Diversity may be dismissed as political correctness, but it brings real business benefits, insists Sharon Kyle, head of employee engagement and diversity at contract caterer Sodexo.
Let's be honest - when talking about diversity, the phrases "political correctness", "positive discrimination" and "HR buzz-word" often come up.
Such perceptions can be a real challenge to overcome, yet we must as an industry if we are to truly maximise the business value of diversity and inclusion.
So why do many companies have high levels of diversity among their grass roots yet fail to see this diversity replicated at more senior levels?
Diversity simply means difference and we are all different in many ways. Our different perspectives - influenced, for example, by our age, gender, race, cultural background, religion, experiences of disability or our family structure and sexual orientation - are a source of valuable information and knowledge that companies often fail to tap into.

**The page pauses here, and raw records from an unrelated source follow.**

(* Let $Y$ be a reflexive Banach space with dual $Y^*$. Assume: (i) $A\colon Y\to Y^*$ is pseudomonotone and $m$-strongly monotone for some $m>0$; (ii) $E\subset Y$ is nonempty, closed and convex; (iii) $\varphi\colon Y\to\mathbb{R}$ is convex and lower semicontinuous; (iv) $g\in Y^*$; (v) for each $n\in\mathbb{N}$, $E_n\subset Y$ is nonempty, closed and convex, and $E_n\to E$ in the sense of Mosco; (vi) $g_n\in Y^*$ and $g_n\to g$ in $Y^*$. Then for each $n$ there is a unique $u_n\in E_n$ with $$\langle Au_n-g_n,z-u_n\rangle+\varphi(z)-\varphi(u_n)\ge0\quad\text{for all } z\in E_n,$$ there is a unique $u\in E$ with $$\langle Au-g,z-u\rangle+\varphi(z)-\varphi(u)\ge0\quad\text{for all } z\in E,$$ and $u_n\to u$ strongly in $Y$ as $n\to\infty$.
   Context: Pseudomonotone: $A$ is bounded (maps bounded sets to bounded sets) and, whenever $u_n\to u$ weakly in $Y$ and $\limsup_n\langle Au_n,u_n-u\rangle\le 0$, one has $\langle Au,u-v\rangle\le\liminf_n\langle Au_n,u_n-v\rangle$ for all $v\in Y$. $m$-strongly monotone: $\langle Av_1-Av_2,v_1-v_2\rangle\ge m\|v_1-v_2\|^2$ for all $v_1,v_2$. Mosco convergence: a sequence $\{C_n\}$ of closed convex subsets of a normed space $Y$ converges in the Mosco sense to a closed convex set $C\subset Y$ if (m1) whenever $n_k\to\infty$, $z_k\in C_{n_k}$ and $z_k\to z$ weakly in $Y$, then $z\in C$; and (m2) for every $z\in C$ there exist $z_n\in C_n$ with $z_n\to z$ strongly in $Y$. *)

theory Defs
  imports "HOL-Analysis.Analysis"
begin

text \<open>The dual space of Y is modelled as the space of bounded linear functionals
  Y \<Rightarrow>L real (a Banach space with the operator norm); the duality pairing
  is function application.\<close>

definition reflexive_space :: "'a::real_normed_vector itself \<Rightarrow> bool" where
  "reflexive_space _ \<longleftrightarrow>
     (\<forall>\<Phi> :: ('a \<Rightarrow>\<^sub>L real) \<Rightarrow>\<^sub>L real. \<exists>y::'a. \<forall>f. blinfun_apply \<Phi> f = blinfun_apply f y)"

definition weakly_conv :: "(nat \<Rightarrow> 'a::real_normed_vector) \<Rightarrow> 'a \<Rightarrow> bool" where
  "weakly_conv x l \<longleftrightarrow> (\<forall>f :: 'a \<Rightarrow>\<^sub>L real. (\<lambda>n. blinfun_apply f (x n)) \<longlonglongrightarrow> blinfun_apply f l)"

definition bounded_operator :: "('a::real_normed_vector \<Rightarrow> 'b::real_normed_vector) \<Rightarrow> bool" where
  "bounded_operator A \<longleftrightarrow> (\<forall>S. bounded S \<longrightarrow> bounded (A ` S))"

definition pseudomonotone :: "('a::real_normed_vector \<Rightarrow> ('a \<Rightarrow>\<^sub>L real)) \<Rightarrow> bool" where
  "pseudomonotone A \<longleftrightarrow> bounded_operator A \<and>
     (\<forall>un u. weakly_conv un u \<and>
        limsup (\<lambda>n. ereal (blinfun_apply (A (un n)) (un n - u))) \<le> 0 \<longrightarrow>
        (\<forall>v. ereal (blinfun_apply (A u) (u - v)) \<le> liminf (\<lambda>n. ereal (blinfun_apply (A (un n)) (un n - v)))))"

definition strongly_monotone :: "real \<Rightarrow> ('a::real_normed_vector \<Rightarrow> ('a \<Rightarrow>\<^sub>L real)) \<Rightarrow> bool" where
  "strongly_monotone m A \<longleftrightarrow>
     (\<forall>v1 v2. blinfun_apply (A v1 - A v2) (v1 - v2) \<ge> m * (norm (v1 - v2))\<^sup>2)"

definition lower_semicont :: "('a::topological_space \<Rightarrow> real) \<Rightarrow> bool" where
  "lower_semicont f \<longleftrightarrow> (\<forall>x. \<forall>e>0. \<forall>\<^sub>F y in at x. f x - e < f y)"

definition mosco_conv :: "(nat \<Rightarrow> 'a::real_normed_vector set) \<Rightarrow> 'a set \<Rightarrow> bool" where
  "mosco_conv Cn C \<longleftrightarrow>
     (\<forall>nk z zl. filterlim nk at_top sequentially \<and> (\<forall>k. z k \<in> Cn (nk k)) \<and> weakly_conv z zl
        \<longrightarrow> zl \<in> C) \<and>
     (\<forall>z\<in>C. \<exists>zn. (\<forall>n. zn n \<in> Cn n) \<and> zn \<longlonglongrightarrow> z)"

definition solves_VI :: "('a::real_normed_vector \<Rightarrow> ('a \<Rightarrow>\<^sub>L real)) \<Rightarrow> ('a \<Rightarrow>\<^sub>L real)
    \<Rightarrow> ('a \<Rightarrow> real) \<Rightarrow> 'a set \<Rightarrow> 'a \<Rightarrow> bool" where
  "solves_VI A g \<phi> C u \<longleftrightarrow> u \<in> C \<and>
     (\<forall>z\<in>C. blinfun_apply (A u - g) (z - u) + \<phi> z - \<phi> u \<ge> 0)"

Rather than seeing benefits and potential, we can be put off by the challenges that balancing the needs and expectations of different groups within our businesses can present.
Many of us already know some of the obvious challenges - including language and physical barriers or lack of flexibility. But some are more subtle, such as a feeling of lack of respect or inclusion in the workplace culture, or deeply ingrained and often subconscious ideas of the type of person who is best suited to a particular role.
To stay competitive in these challenging times, it has become even more vital that we keep up with changing needs and expectations - not just via grass- roots teams who deliver services, but also at more senior levels.
We don't view diversity and inclusion as simply a one-off HR initiative, but more a long term journey that touches all areas of our business, including the products we purchase, the suppliers we work with, the teams we employ and develop, and the clients we serve.
When we come out of this recession, forward-thinking companies that have continued to focus on diversity and inclusion will be best equipped to meet the increased demand for labour by being able to attract from the widest and most diverse pool.